• Task instructions
From the entries below, return only the lines starting at the one that contains "with tau * b = b^q * tau.\<close>" and ending at the one that contains "(Suc s), 1]", exactly as they stand.

Items listed in a dataset
§

(* Let $c_1,\dots,c_r\in K^\times$. For $1\le s\le r$ let $f_s=(\tau+c_s)(\tau+c_{s-1})\cdots(\tau+c_1)\in K\{\tau\}$ and $W_s=\{\lambda\in K^{\rm sep}: f_s(\lambda)=0\}$. Then $0=W_0\subset W_1\subset\cdots\subset W_r$ are $G_K$-stable $\mathbb{F}_q$-subspaces with $\dim W_s=s$, and the representation $\bar\rho:G_K\to\mathrm{GL}_{\mathbb{F}_q}(W_r)\cong\mathrm{GL}_r(\mathbb{F}_q)$ is isomorphic to an upper triangular representation with diagonal characters $\kappa_{(-c_1)},\kappa_{(-c_2)},\dots,\kappa_{(-c_r)}$.
   Context: $p$ prime, $q$ a power of $p$, $F=\mathbb{F}_q(t)$, $K$ a finite extension of $F$. $K\{\tau\}$ is the twisted polynomial ring with $\tau c=c^q\tau$, acting on $K^{\rm sep}$ with $\tau$ the $q$-th power map. For $c\in K^\times$, $\kappa_{(c)}:G_K\to\mathbb{F}_q^\times$ is the Kummer character $\sigma\mapsto\sigma(\lambda)/\lambda$ for any $\lambda\in K^{\rm sep}$ with $\lambda^{q-1}=c$ (i.e. the character corresponding to the class of $c$ under $K^\times/(K^\times)^{q-1}\cong\mathrm{Hom}(G_K,\mathbb{F}_q^\times)$). *)

theory Defs
  imports "HOL-Computational_Algebra.Polynomial"
begin

text \<open>Ambient algebraically closed field (type 'a); all fields below are subfields of it.\<close>

definition alg_closed :: "'a::field itself \<Rightarrow> bool" where
  "alg_closed _ \<longleftrightarrow> (\<forall>f::'a poly. degree f > 0 \<longrightarrow> (\<exists>x. poly f x = 0))"

definition is_subfield :: "'a::field set \<Rightarrow> bool" where
  "is_subfield S \<longleftrightarrow> 0 \<in> S \<and> 1 \<in> S \<and>
     (\<forall>x\<in>S. \<forall>y\<in>S. x + y \<in> S \<and> x * y \<in> S) \<and> (\<forall>x\<in>S. - x \<in> S) \<and>
     (\<forall>x\<in>S. x \<noteq> 0 \<longrightarrow> inverse x \<in> S)"

definition poly_over :: "'a::field set \<Rightarrow> 'a poly \<Rightarrow> bool" where
  "poly_over S f \<longleftrightarrow> (\<forall>i. coeff f i \<in> S)"

definition transcendental_over :: "'a::field set \<Rightarrow> 'a \<Rightarrow> bool" where
  "transcendental_over S t \<longleftrightarrow> (\<forall>f. poly_over S f \<and> poly f t = 0 \<longrightarrow> f = 0)"

definition rat_fun_field :: "'a::field set \<Rightarrow> 'a \<Rightarrow> 'a set" where
  "rat_fun_field S t = {poly a t / poly b t | a b. poly_over S a \<and> poly_over S b \<and> poly b t \<noteq> 0}"

definition lin_comb :: "'a::field set \<Rightarrow> 'a set \<Rightarrow> 'a set" where
  "lin_comb F B = {\<Sum>b\<in>B. a b * b | a. \<forall>b\<in>B. a b \<in> F}"

definition lin_indep :: "'a::field set \<Rightarrow> 'a set \<Rightarrow> bool" where
  "lin_indep F B \<longleftrightarrow> (\<forall>a. (\<forall>b\<in>B. a b \<in> F) \<and> (\<Sum>b\<in>B. a b * b) = 0 \<longrightarrow> (\<forall>b\<in>B. a b = 0))"

definition is_basis :: "'a::field set \<Rightarrow> 'a set \<Rightarrow> 'a set \<Rightarrow> bool" where
  "is_basis F W B \<longleftrightarrow> finite B \<and> B \<subseteq> W \<and> lin_indep F B \<and> W = lin_comb F B"

definition is_subspace :: "'a::field set \<Rightarrow> 'a set \<Rightarrow> bool" where
  "is_subspace F W \<longleftrightarrow> 0 \<in> W \<and> (\<forall>x\<in>W. \<forall>y\<in>W. x + y \<in> W) \<and> (\<forall>a\<in>F. \<forall>x\<in>W. a * x \<in> W)"

definition has_dim :: "'a::field set \<Rightarrow> 'a set \<Rightarrow> nat \<Rightarrow> bool" where
  "has_dim F W n \<longleftrightarrow> (\<exists>B. is_basis F W B \<and> card B = n)"

definition finite_ext :: "'a::field set \<Rightarrow> 'a set \<Rightarrow> bool" where
  "finite_ext F K \<longleftrightarrow> (\<exists>B. is_basis F K B)"

definition sep_closure :: "'a::field set \<Rightarrow> 'a set" where
  "sep_closure K = {x. \<exists>f. f \<noteq> 0 \<and> poly_over K f \<and> poly f x = 0 \<and>
                        (\<forall>y. poly f y = 0 \<longrightarrow> poly (pderiv f) y \<noteq> 0)}"

text \<open>Absolute Galois group G_K = Aut(K^sep / K); automorphisms are normalised
  to be the identity outside K^sep.\<close>
definition abs_galois :: "'a::field set \<Rightarrow> ('a \<Rightarrow> 'a) set" where
  "abs_galois K = {\<sigma>. bij_betw \<sigma> (sep_closure K) (sep_closure K) \<and>
      (\<forall>x\<in>sep_closure K. \<forall>y\<in>sep_closure K. \<sigma> (x + y) = \<sigma> x + \<sigma> y \<and> \<sigma> (x * y) = \<sigma> x * \<sigma> y) \<and>
      (\<forall>x\<in>K. \<sigma> x = x) \<and> (\<forall>x. x \<notin> sep_closure K \<longrightarrow> \<sigma> x = x)}"

definition kummer :: "nat \<Rightarrow> 'a::field set \<Rightarrow> 'a \<Rightarrow> ('a \<Rightarrow> 'a) \<Rightarrow> 'a" where
  "kummer q K c \<sigma> = (let l = (SOME l. l \<in> sep_closure K \<and> l ^ (q - 1) = c) in \<sigma> l / l)"

text \<open>Twisted polynomials K{tau}: coefficient lists [a0, a1, ...] for sum a_i tau^i,
  with tau * b = b^q * tau.\<close>
definition tcoeff :: "'a::field list \<Rightarrow> nat \<Rightarrow> 'a" where
  "tcoeff a i = (if i < length a then a ! i else 0)"

definition tmul :: "nat \<Rightarrow> 'a::field list \<Rightarrow> 'a list \<Rightarrow> 'a list" where
  "tmul q a b = map (\<lambda>k. \<Sum>i\<le>k. tcoeff a i * (tcoeff b (k - i)) ^ (q ^ i))
                    [0..<length a + length b - 1]"

definition teval :: "nat \<Rightarrow> 'a::field list \<Rightarrow> 'a \<Rightarrow> 'a" where
  "teval q a x = (\<Sum>i<length a. a ! i * x ^ (q ^ i))"

fun fpoly :: "nat \<Rightarrow> (nat \<Rightarrow> 'a::field) \<Rightarrow> nat \<Rightarrow> 'a list" where
  "fpoly q c 0 = [1]"
| "fpoly q c (Suc s) = tmul q [c (Suc s), 1] (fpoly q c s)"

definition Wsp :: "nat \<Rightarrow> 'a::field set \<Rightarrow> (nat \<Rightarrow> 'a) \<Rightarrow> nat \<Rightarrow> 'a set" where
  "Wsp q K c s = {l \<in> sep_closure K. teval q (fpoly q c s) l = 0}"

end

theory Submission
  imports Defs "HOL-Computational_Algebra.Primes"
begin

text \<open>
  Since \<open>\<tau>\<close> is additive and fixes \<open>\<bbbF>\<^sub>q\<close>, each \<open>x \<mapsto> f\<^sub>s(x)\<close> is \<open>\<bbbF>\<^sub>q\<close>-linear. Pick \<open>\<mu>\<^sub>j\<close> with
  \<open>\<mu>\<^sub>j\<^bsup>q-1\<^esup> = -c\<^sub>j\<close> and \<open>w\<^sub>j\<close> with \<open>f\<^bsub>j-1\<^esub>(w\<^sub>j) = \<mu>\<^sub>j\<close>. The kernel of \<open>\<tau> + c\<^sub>j\<close> is the line
  \<open>\<bbbF>\<^sub>q \<mu>\<^sub>j\<close>, so by induction on \<open>s\<close> the roots of \<open>f\<^sub>s\<close> form the \<open>\<bbbF>\<^sub>q\<close>-space with basis
  \<open>w\<^sub>1, \<dots>, w\<^sub>s\<close>. As an ordinary polynomial \<open>f\<^sub>s\<close> has nowhere vanishing derivative, so all
  these roots lie in \<open>K\<^sup>s\<^sup>e\<^sup>p\<close>. A Galois automorphism \<open>\<sigma>\<close> commutes with \<open>f\<^bsub>j-1\<^esub>\<close>, hence
  \<open>f\<^bsub>j-1\<^esub>(\<sigma> w\<^sub>j) = \<sigma> \<mu>\<^sub>j = \<kappa>(\<sigma>) \<mu>\<^sub>j\<close> with \<open>\<kappa> = \<kappa>\<^bsub>(-c\<^sub>j)\<^esub>\<close>, that is
  \<open>\<sigma> w\<^sub>j - \<kappa>(\<sigma>) w\<^sub>j \<in> W\<^bsub>j-1\<^esub>\<close>. Commuting \<open>\<sigma>\<close> with polynomials over \<open>K\<close> needs
  \<open>K\<^sup>s\<^sup>e\<^sup>p\<close> to be closed under them, which is proved by descending a polynomial relation
  from the ambient field to \<open>K\<close> with linear algebra.
\<close>

section \<open>Frobenius\<close>

lemma add_power_prime_eq:
  fixes x y :: "'a::comm_ring_1"
  assumes "prime p" "of_nat p = (0::'a)"
  shows "(x + y) ^ p = x ^ p + y ^ p"
proof -
  have p0: "p > 0" using assms prime_gt_0_nat by blast
  have "(x + y) ^ p = (\<Sum>k\<le>p. of_nat (p choose k) * x ^ k * y ^ (p - k))"
    by (rule binomial_ring)
  also have "\<dots> = (\<Sum>k\<in>{0,p}. of_nat (p choose k) * x ^ k * y ^ (p - k))"
  proof (rule sum.mono_neutral_right)
    show "\<forall>i\<in>{..p} - {0, p}. of_nat (p choose i) * x ^ i * y ^ (p - i) = 0"
    proof
      fix i assume "i \<in> {..p} - {0, p}"
      then have "p dvd (p choose i)" using dvd_choose_prime[of i p] assms p0 by auto
      then obtain m where "p choose i = p * m" by blast
      then have "of_nat (p choose i) = (0::'a)" using assms by simp
      then show "of_nat (p choose i) * x ^ i * y ^ (p - i) = 0" by simp
    qed
  qed auto
  also have "\<dots> = x ^ p + y ^ p" using p0 by simp
  finally show ?thesis .
qed

lemma add_power_prime_power_eq:
  fixes x y :: "'a::comm_ring_1"
  assumes "prime p" "of_nat p = (0::'a)"
  shows "(x + y) ^ (p ^ n) = x ^ (p ^ n) + y ^ (p ^ n)"
proof (induction n)
  case (Suc n)
  have "(x + y) ^ (p ^ Suc n) = ((x + y) ^ (p ^ n)) ^ p"
    by (simp add: power_mult[symmetric] mult.commute)
  also have "\<dots> = (x ^ (p ^ n)) ^ p + (y ^ (p ^ n)) ^ p"
    using Suc add_power_prime_eq[OF assms] by simp
  also have "\<dots> = x ^ (p ^ Suc n) + y ^ (p ^ Suc n)"
    by (simp add: power_mult[symmetric] mult.commute)
  finally show ?case .
qed simp

lemma power_sum_eq_sum_power:
  fixes g :: "'b \<Rightarrow> 'a::comm_ring_1"
  assumes "\<And>x y. (x + y) ^ q = x ^ q + (y::'a) ^ q" "q > 0" "finite A"
  shows "(\<Sum>i\<in>A. g i) ^ q = (\<Sum>i\<in>A. g i ^ q)"
  using assms(3) by (induction A rule: finite_induct) (simp_all add: assms(1,2) zero_power)

lemma subfield_closed:
  assumes "is_subfield K"
  shows subfield_0: "0 \<in> K"
    and subfield_1: "1 \<in> K"
    and subfield_add: "x \<in> K \<Longrightarrow> y \<in> K \<Longrightarrow> x + y \<in> K"
    and subfield_mult: "x \<in> K \<Longrightarrow> y \<in> K \<Longrightarrow> x * y \<in> K"
    and subfield_uminus: "x \<in> K \<Longrightarrow> - x \<in> K"
    and subfield_diff: "x \<in> K \<Longrightarrow> y \<in> K \<Longrightarrow> x - y \<in> K"
    and subfield_inverse: "x \<in> K \<Longrightarrow> inverse x \<in> K"
    and subfield_divide: "x \<in> K \<Longrightarrow> y \<in> K \<Longrightarrow> x / y \<in> K"
proof -
  have zero: "0 \<in> K" and one: "1 \<in> K" and add: "\<And>x y. x \<in> K \<Longrightarrow> y \<in> K \<Longrightarrow> x + y \<in> K"
    and mult: "\<And>x y. x \<in> K \<Longrightarrow> y \<in> K \<Longrightarrow> x * y \<in> K"
    and neg: "\<And>x. x \<in> K \<Longrightarrow> - x \<in> K"
    and inv_nonzero: "\<And>x. x \<in> K \<Longrightarrow> x \<noteq> 0 \<Longrightarrow> inverse x \<in> K"
    using assms unfolding is_subfield_def by blast+
  show "0 \<in> K" "1 \<in> K" by (fact zero, fact one)
  show "x \<in> K \<Longrightarrow> y \<in> K \<Longrightarrow> x + y \<in> K" "x \<in> K \<Longrightarrow> y \<in> K \<Longrightarrow> x * y \<in> K"
     "x \<in> K \<Longrightarrow> - x \<in> K" by (fact add, fact mult, fact neg)
  show "x \<in> K \<Longrightarrow> y \<in> K \<Longrightarrow> x - y \<in> K" using add neg by (metis diff_conv_add_uminus)
  have inv: "x \<in> K \<Longrightarrow> inverse x \<in> K" for x
    using inv_nonzero zero by (cases "x = 0") simp_all
  show "x \<in> K \<Longrightarrow> inverse x \<in> K" by (rule inv)
  show "x \<in> K \<Longrightarrow> y \<in> K \<Longrightarrow> x / y \<in> K" using mult inv[of y] by (simp add: divide_inverse)
qed

lemma subfield_sum:
  assumes "is_subfield K" "\<forall>i\<in>A. f i \<in> K"
  shows "sum f A \<in> K"
proof (cases "finite A")
  case True
  then show ?thesis using assms(2)
  proof (induction A rule: finite_induct)
    case (insert x F)
    then show ?case using subfield_add[OF assms(1)] by simp
  qed (simp add: subfield_0[OF assms(1)])
qed (simp add: subfield_0[OF assms(1)])

lemma poly_over_pCons:
  "poly_over K (pCons a p) \<longleftrightarrow> a \<in> K \<and> poly_over K p"
  unfolding poly_over_def by (metis coeff_pCons_0 coeff_pCons_Suc not0_implies_Suc)

lemma poly_over_closed:
  assumes "is_subfield K"
  shows poly_over_0: "poly_over K 0"
    and poly_over_1: "poly_over K 1"
    and poly_over_uminus: "poly_over K p \<Longrightarrow> poly_over K (- p)"
    and poly_over_add: "poly_over K p \<Longrightarrow> poly_over K q \<Longrightarrow> poly_over K (p + q)"
    and poly_over_mult: "poly_over K p \<Longrightarrow> poly_over K q \<Longrightarrow> poly_over K (p * q)"
    and poly_over_smult: "a \<in> K \<Longrightarrow> poly_over K p \<Longrightarrow> poly_over K (smult a p)"
    and poly_over_monom: "a \<in> K \<Longrightarrow> poly_over K (monom a n)"
  using subfield_closed[OF assms]
  by (auto simp: poly_over_def coeff_monom coeff_mult intro!: subfield_sum[OF assms])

§

• Reply to the task
  with tau * b = b^q * tau.\<close>
definition tcoeff :: "'a::field list \<Rightarrow> nat \<Rightarrow> 'a" where
  "tcoeff a i = (if i < length a then a ! i else 0)"

definition tmul :: "nat \<Rightarrow> 'a::field list \<Rightarrow> 'a list \<Rightarrow> 'a list" where
  "tmul q a b = map (\<lambda>k. \<Sum>i\<le>k. tcoeff a i * (tcoeff b (k - i)) ^ (q ^ i))
                    [0..<length a + length b - 1]"

definition teval :: "nat \<Rightarrow> 'a::field list \<Rightarrow> 'a \<Rightarrow> 'a" where
  "teval q a x = (\<Sum>i<length a. a ! i * x ^ (q ^ i))"

fun fpoly :: "nat \<Rightarrow> (nat \<Rightarrow> 'a::field) \<Rightarrow> nat \<Rightarrow> 'a list" where
  "fpoly q c 0 = [1]"
| "fpoly q c (Suc s) = tmul q [c (Suc s), 1] (fpoly q c s)"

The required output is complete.